Vorplatzbenennung Jüdisches Museum – die Geschichte mit der „Haskala“

Seit nun schon einiger Zeit streitet die BVV darüber, wie der Vorplatz des Jüdischen Museums benannt werden soll. Der Platz, an dem das Jüdische Museum auch ein „Education Center“ einrichten möchte, gehört (auf Wunsch des Jüdischen Museums) dem Bezirk. Damit unterliegt er einem demokratisch gefassten BVV-Beschluss von 2005, dass Straßen und Plätze nach Frauen benannt werden sollen: Derzeit heißen die meisten Straßen und Plätze nach Männern. Das Jüdische Museum wünschte sich für den Platz allerdings den Namen Moses Mendelssohn, also einen Männernamen. Im Friedrichshain-Kreuzberger Bezirksliquid wurde ein Kompromiss vorgeschlagen, den ich zu diesem Zeitpunkt sehr überzeugend fand: Wir könnten, so der Vorschlag, den Platz doch einfach nach einer Bewegung benennen. Die „Haskala“, eine jüdische Aufklärungsbewegung (die übrigens auch im Hebräischen einen weiblichen Artikel hat), bekam ein positives Liquid-Votum. An LQFB-Beschlüsse wollen wir uns möglichst halten, außerdem erschien uns der Vorschlag auch inhaltlich eine prima Idee. Jana und ich stellten ihn also auf einer Sitzung des Ausschusses für Frauen, Gleichstellung und Queer ausführlich vor. Auf der Sitzung waren auch zwei Vertreterinnen des jüdischen Museums, der auf jüdische Geschichte spezialisierte Historiker Götz Aly und eine Vertreterin der Presse anwesend. Wir erklärten, warum der Name „Haskala“ unser Problem lösen könne (kein Personenname) und dass der Wunschname des Jüdischen Museums, Moses Mendelssohn, sogar auf Zusatzschildern doch noch zum Tragen kommen könne: Er war nämlich ein bedeutender Wegbereiter der Bewegung. Mehrere Vertreterinnen anderer Parteien fanden den Vorschlag gut. Die Vertreterinnen des Jüdischen Museums und Götz Aly allerdings lehnten den Vorschlag massiv ab. Wir ließen nicht locker, sondern fragten nach bis wir eine konkrete Begründung erhielten. Diese lautete wie folgt: Die Haskala habe ein Integrationsverständnis vertreten, das eher Assimilation der Jüdinnen und Juden bedeutet habe. Die Bewegung habe die Vorstellung gehabt, dass Juden soweit wie die christliche Mehrheitsgesellschaft werden könnten, dass es keine Diskriminierung der jüdischen Bevölkerung mehr gebe. Spätestens mit der Shoah, so ergänzte Aly, habe diese Hoffnung ein brutales Ende gefunden. Ein Verständnis des Zusammenlebens, das auf Assimilation hinauslaufe, sei weder zeitgemäß und noch wünschenswert.

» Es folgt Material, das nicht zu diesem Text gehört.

lemma first_escape_bound:
  fixes \<rho> :: "nat \<Rightarrow> real"
  assumes subadditive: "\<And>k. \<rho> (Suc k) \<le> \<rho> k + \<rho> 1"
    and \<kappa>: "0 < \<kappa>" and growth: "\<And>k. real k * \<kappa> - C \<le> \<rho> k"
    and B: "0 \<le> B" and step: "\<And>k. 1 \<le> k \<Longrightarrow> 2 * (min (\<rho> k) D - B) \<le> \<rho> k"
  shows "2 * D \<le> 4 * B + \<rho> 1"
proof -
  obtain n :: nat where n: "(2 * B + C) / \<kappa> < real n"
    using reals_Archimedean2 by blast
  define m where "m = Suc n"
  have m: "1 \<le> m" "(2 * B + C) / \<kappa> < real m"
    unfolding m_def using n by simp_all
  then have "2 * B + C < real m * \<kappa>"
    using \<kappa> by (simp only: pos_divide_less_eq)
  then have "2 * B < \<rho> m"
    using growth[of m] by linarith
  then have escape: "\<exists>k. 1 \<le> k \<and> 2 * B < \<rho> k"
    using m(1) by blast
  define k where "k = (LEAST k. 1 \<le> k \<and> 2 * B < \<rho> k)"
  have k: "1 \<le> k \<and> 2 * B < \<rho> k"
    unfolding k_def by (rule LeastI_ex[OF escape])
  have "\<rho> k \<le> 2 * B + \<rho> 1"
  proof (cases "k = 1")
    case True
    then show ?thesis using B by simp
  next
    case False
    have "k - 1 < k"
      using k by simp
    then have "\<not> (1 \<le> k - 1 \<and> 2 * B < \<rho> (k - 1))"
      unfolding k_def by (rule not_less_Least[where P = "\<lambda>k. 1 \<le> k \<and> 2 * B < \<rho> k"])
    moreover have "1 \<le> k - 1"
      using False k by auto
    moreover have "\<rho> k \<le> \<rho> (k - 1) + \<rho> 1"
      using subadditive[of "k - 1"] k by simp
    ultimately show ?thesis
      by linarith
  qed
  then show ?thesis
    using step[of k] k by (simp add: min_def split: if_splits)
qed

Inwiefern diese historische Bewertung zutrifft – und inwiefern sie dann nicht auch auf Moses Mendelssohn als Wegbereiter der Haskala zutreffen müsste – können wir als Nichtspezialistinnen nur wenig beurteilen. Wie fast jede Bewegung wurde auch die Haskala von durchaus unterschiedlichen Menschen getragen und einiges wird eine Frage der historischen Gewichtung verschiedener Facetten sein. Dennoch haben uns die vorgetragenen Bedenken dazu bewegt, den Namen Haskala nicht weiter offensiv und gegen den Widerstand des Jüdischen Museums zu vertreten. Das war auch deshalb möglich, weil sich zwei neue Kompromissvorschläge abzeichneten.

Die historische Bewertung der Haskala ist offenbar umstrittener, als uns zuvor bewusst war.
Wir nehmen an, dass dies bei der LQFB-Abstimmung nicht bekannt waren, also einen neuen Fakt darstellt, der es rechtfertigt, dass wir nicht weiter auf die Haskala gedrängt haben – wir haben es wie gesagt ausführlich und standhaft getan, bevor wir über die Bewertung der Bewegung seitens des Jüdischen Museums und Aly informiert wurden. Wir hoffen, liebe Xhainer Basis, ihr seid mit unserem Verhalten einverstanden.